Reproduce the line containing "by (simp add: matrix_vector_mult_def" and every line after it through the end of the records. Include nothing else.

- [Excerpted records]:
• • •

(* Let $\mathcal{X}$ be a finite alphabet with orthonormal basis $\{|x\rangle\}_{x\in\mathcal{X}}$ of the classical system $X$, and let $E$ be a quantum system. Let $\rho=\sum_{x\in\mathcal{X}}P(x)|x\rangle\langle x|\otimes\omega(x)$ and $\rho_*=\sum_{x\in\mathcal{X}}P_*(x)|x\rangle\langle x|\otimes\omega_*(x)$ be classical-quantum states, where $P,P_*$ are probability distributions on $\mathcal{X}$ and $\omega(x),\omega_*(x)$ are density operators on $E$. Let $S\subseteq\mathcal{X}$, $\Pi=\sum_{x\in S}|x\rangle\langle x|$ (acting on $X$, tensored with the identity on $E$), $p=\mathrm{tr}\,\Pi\rho\Pi$, $p_*=\mathrm{tr}\,\Pi\rho_*\Pi$, and define the projected states $\tau=p^{-1}\Pi\rho\Pi$ and $\tau_*=p_*^{-1}\Pi\rho_*\Pi$ (with $p,p_*>0$). Let $\epsilon>0$. If $D(\rho,\rho_* )\le p\,\frac{\epsilon^2}{4}$, then $|p-p_*|\le p\,\frac{\epsilon^2}{2}$ and $D(\tau,\tau_* )\le\frac{\epsilon^2}{2}$.
   Context: For operators $A,B$, the trace distance is $D(A,B)=\frac{1}{2}\mathrm{tr}|A-B|$, where $|O|=\sqrt{O^\dagger O}$. The positivity $p,p_*>0$ is needed for $\tau,\tau_*$ to be defined. *)

theory Defs
  imports "HOL-Analysis.Analysis"
begin

definition cadj :: "complex^'n^'m \<Rightarrow> complex^'m^'n" where
  "cadj A = (\<chi> i j. cnj (A $ j $ i))"

definition psd :: "complex^'n^'n \<Rightarrow> bool" where
  "psd A \<longleftrightarrow> cadj A = A \<and>
     (\<forall>v::complex^'n. let q = (\<Sum>i\<in>UNIV. cnj (v $ i) * (A *v v) $ i) in Im q = 0 \<and> Re q \<ge> 0)"

definition density :: "complex^'n^'n \<Rightarrow> bool" where
  "density A \<longleftrightarrow> psd A \<and> trace A = 1"

definition mabs :: "complex^'n^'n \<Rightarrow> complex^'n^'n" where
  "mabs M = (THE R. psd R \<and> R ** R = cadj M ** M)"

definition tdist :: "complex^'n^'n \<Rightarrow> complex^'n^'n \<Rightarrow> real" where
  "tdist A B = Re (trace (mabs (A - B))) / 2"

text \<open>Classical-quantum state sum_x P(x) |x><x| (tensor) omega(x) on X (tensor) E,
  with basis of X (tensor) E indexed by pairs (x,e).\<close>
definition cq_state :: "('x::finite \<Rightarrow> real) \<Rightarrow> ('x \<Rightarrow> complex^'e::finite^'e)
     \<Rightarrow> complex^('x \<times> 'e)^('x \<times> 'e)" where
  "cq_state P \<omega> = (\<chi> i j. if fst i = fst j then complex_of_real (P (fst i)) * \<omega> (fst i) $ snd i $ snd j else 0)"

definition proj_cl :: "'x::finite set \<Rightarrow> complex^('x \<times> 'e::finite)^('x \<times> 'e)" where
  "proj_cl S = (\<chi> i j. if i = j \<and> fst i \<in> S then 1 else 0)"

end

theory Submission
  imports Defs
begin

text \<open>Write \<open>\<Delta> = \<rho> - \<rho>\<^sub>*\<close> and let \<open>Q\<close> be the projector. The trace norm of a Hermitian
  \<open>H\<close> is the largest value of \<open>|tr (C H)|\<close> over matrices \<open>C\<close> of numerical radius at most
  one, attained by \<open>C = sgn H\<close>. Compressing \<open>C\<close> by \<open>Q\<close> stays in this class, so
  \<open>\<parallel>Q \<Delta> Q\<parallel>\<^sub>1 \<le> \<parallel>\<Delta>\<parallel>\<^sub>1 = 2 D(\<rho>, \<rho>\<^sub>*)\<close>, and \<open>|p - p\<^sub>*| = |tr (Q \<Delta> Q)|\<close> obeys the same
  bound. Pairing \<open>\<tau> - \<tau>\<^sub>*\<close> with its sign splits it into \<open>tr (C Q \<Delta> Q)/p\<close> and
  \<open>(1/p - 1/p\<^sub>*) tr (C Q \<rho>\<^sub>* Q)\<close>; since \<open>Q \<rho>\<^sub>* Q\<close> is positive with trace \<open>p\<^sub>*\<close>, the second term
  is at most \<open>|p - p\<^sub>*|/p\<close>. The eigenbases used throughout come from the spectral theorem,
  obtained by maximising the Rayleigh quotient on orthogonal complements.\<close>

definition cinner :: "complex^'n \<Rightarrow> complex^'n \<Rightarrow> complex" where
  "cinner v w = (\<Sum>i\<in>UNIV. cnj (v$i) * w$i)"

abbreviation hermitian :: "complex^'n^'n \<Rightarrow> bool" where
  "hermitian A \<equiv> cadj A = A"

lemma cnj_cinner: "cnj (cinner v w) = cinner w v"
  by (simp add: cinner_def mult.commute)

lemma power2_norm_vec: "(norm (v::complex^'n))^2 = (\<Sum>i\<in>UNIV. (cmod (v$i))^2)"
  by (simp add: norm_vec_def L2_set_def sum_nonneg)

lemma cinner_self: "cinner v v = of_real ((norm v)^2)"
  unfolding power2_norm_vec cinner_def of_real_sum
  by (intro sum.cong refl) (metis complex_norm_square mult.commute)

lemma cinner_self_eq_0 [simp]: "cinner v v = 0 \<longleftrightarrow> v = 0"
  by (simp add: cinner_self)

lemma inner_eq_Re_cinner: "inner v w = Re (cinner v w)"
  by (simp add: inner_vec_def cinner_def inner_complex_def Re_sum)

lemma cinner_add_right: "cinner u (v + w) = cinner u v + cinner u w"
  by (simp add: cinner_def algebra_simps sum.distrib)

lemma cinner_diff_right: "cinner u (v - w) = cinner u v - cinner u w"
  by (simp add: cinner_def algebra_simps sum_subtractf)

lemma cinner_add_left: "cinner (u + w) v = cinner u v + cinner w v"
  by (simp add: cinner_def algebra_simps sum.distrib)

lemma cinner_scale_right: "cinner u (c *s v) = c * cinner u v"
  by (simp add: cinner_def sum_distrib_left mult_ac)

lemma cinner_scale_left: "cinner (c *s u) v = cnj c * cinner u v"
  by (simp add: cinner_def sum_distrib_left mult_ac)

lemma cinner_zero_left [simp]: "cinner 0 v = 0"
  by (simp add: cinner_def)

lemma cinner_zero_right [simp]: "cinner v 0 = 0"
  by (simp add: cinner_def)

lemma cinner_sum_right: "cinner u (\<Sum>b\<in>B. f b) = (\<Sum>b\<in>B. cinner u (f b))"
  by (simp add: cinner_def sum_distrib_left) (rule sum.swap)

lemma cinner_axis: "cinner (axis i 1) v = v$i"
proof -
  have "cinner (axis i 1) v = (\<Sum>j\<in>UNIV. if j = i then v$i else 0)"
    unfolding cinner_def axis_def by (intro sum.cong) auto
  then show ?thesis by simp
qed

lemma cinner_cadj: "cinner u (A *v v) = cinner (cadj A *v u) v"
proof -
  have "cinner u (A *v v) = (\<Sum>i\<in>UNIV. \<Sum>j\<in>UNIV. cnj (u$i) * A$i$j * v$j)"
    by (simp add: cinner_def matrix_vector_mult_def sum_distrib_left mult_ac)
  also have "\<dots> = (\<Sum>j\<in>UNIV. \<Sum>i\<in>UNIV. cnj (u$i) * A$i$j * v$j)"
    by (rule sum.swap)
  also have "\<dots> = cinner (cadj A *v u) v"
    by (simp add: cinner_def matrix_vector_mult_def cadj_def sum_distrib_right sum_distrib_left mult_ac)
  finally show ?thesis .
qed

lemma cinner_hermitian: "hermitian A \<Longrightarrow> cinner u (A *v v) = cinner (A *v u) v"
  by (simp add: cinner_cadj)

lemma norm_vector_smult: "norm (c *s (x::complex^'n)) = cmod c * norm x"
proof -
  have "(norm (c *s x))^2 = (cmod c * norm x)^2"
    unfolding power2_norm_vec power_mult_distrib
    by (simp add: vector_scalar_mult_def norm_mult power_mult_distrib sum_distrib_left)
  then show ?thesis by (simp add: power2_eq_iff_nonneg)
qed

lemma cadj_diff: "cadj (A - B) = cadj A - cadj B"
  by (simp add: cadj_def vec_eq_iff)

lemma cadj_mult: "cadj (A ** B) = cadj B ** cadj A"
  by (simp add: cadj_def vec_eq_iff matrix_matrix_mult_def cnj_sum mult.commute)

lemma cadj_scaleR: "cadj (c *\<^sub>R A) = c *\<^sub>R cadj A"
  by (simp add: cadj_def vec_eq_iff)

lemma cadj_id: "cadj (mat 1 :: complex^'n^'n) = mat 1"
  by (simp add: cadj_def mat_def vec_eq_iff)

lemma matrix_diff_ldistrib: "(A :: complex^'n^'n) ** (B - C) = A ** B - A ** C"
  by (simp add: matrix_matrix_mult_def vec_eq_iff sum_subtractf right_diff_distrib)

lemma matrix_diff_rdistrib: "((A - B) :: complex^'n^'n) ** C = A ** C - B ** C"
  by (simp add: matrix_matrix_mult_def vec_eq_iff sum_subtractf left_diff_distrib)

lemma matrix_mult_scaleR_right: "(C :: complex^'n^'n) ** (k *\<^sub>R A) = k *\<^sub>R (C ** A)"
  by (simp add: matrix_scalar_ac scalar_matrix_assoc)

lemma trace_scaleR: "trace (c *\<^sub>R (A :: complex^'n^'n)) = c *\<^sub>R trace A"
  by (simp add: trace_def scaleR_sum_right)

lemma matrix_vector_mult_axis_nth: "(M *v axis i 1) $ j = M $ j $ i"
  by (simp add: matrix_vector_mult_def axis_def if_distrib cong: if_cong)

lemma trace_eq_sum_cinner_axis: "trace M = (\<Sum>i\<in>UNIV. cinner (axis i 1) (M *v axis i 1))"
  by (simp add: trace_def cinner_axis matrix_vector_mult_axis_nth)

definition orthonormal :: "(complex^'n) set \<Rightarrow> bool" where
  "orthonormal B \<longleftrightarrow> finite B \<and> (\<forall>b\<in>B. \<forall>c\<in>B. cinner b c = (if b = c then 1 else 0))"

• • •

- [Response below]:
  by (simp add: matrix_vector_mult_def axis_def if_distrib cong: if_cong)

lemma trace_eq_sum_cinner_axis: "trace M = (\<Sum>i\<in>UNIV. cinner (axis i 1) (M *v axis i 1))"
  by (simp add: trace_def cinner_axis matrix_vector_mult_axis_nth)

definition orthonormal :: "(complex^'n) set \<Rightarrow> bool" where
  "orthonormal B \<longleftrightarrow> finite B \<and> (\<forall>b\<in>B. \<forall>c\<in>B. cinner b c = (if b = c then 1 else 0))"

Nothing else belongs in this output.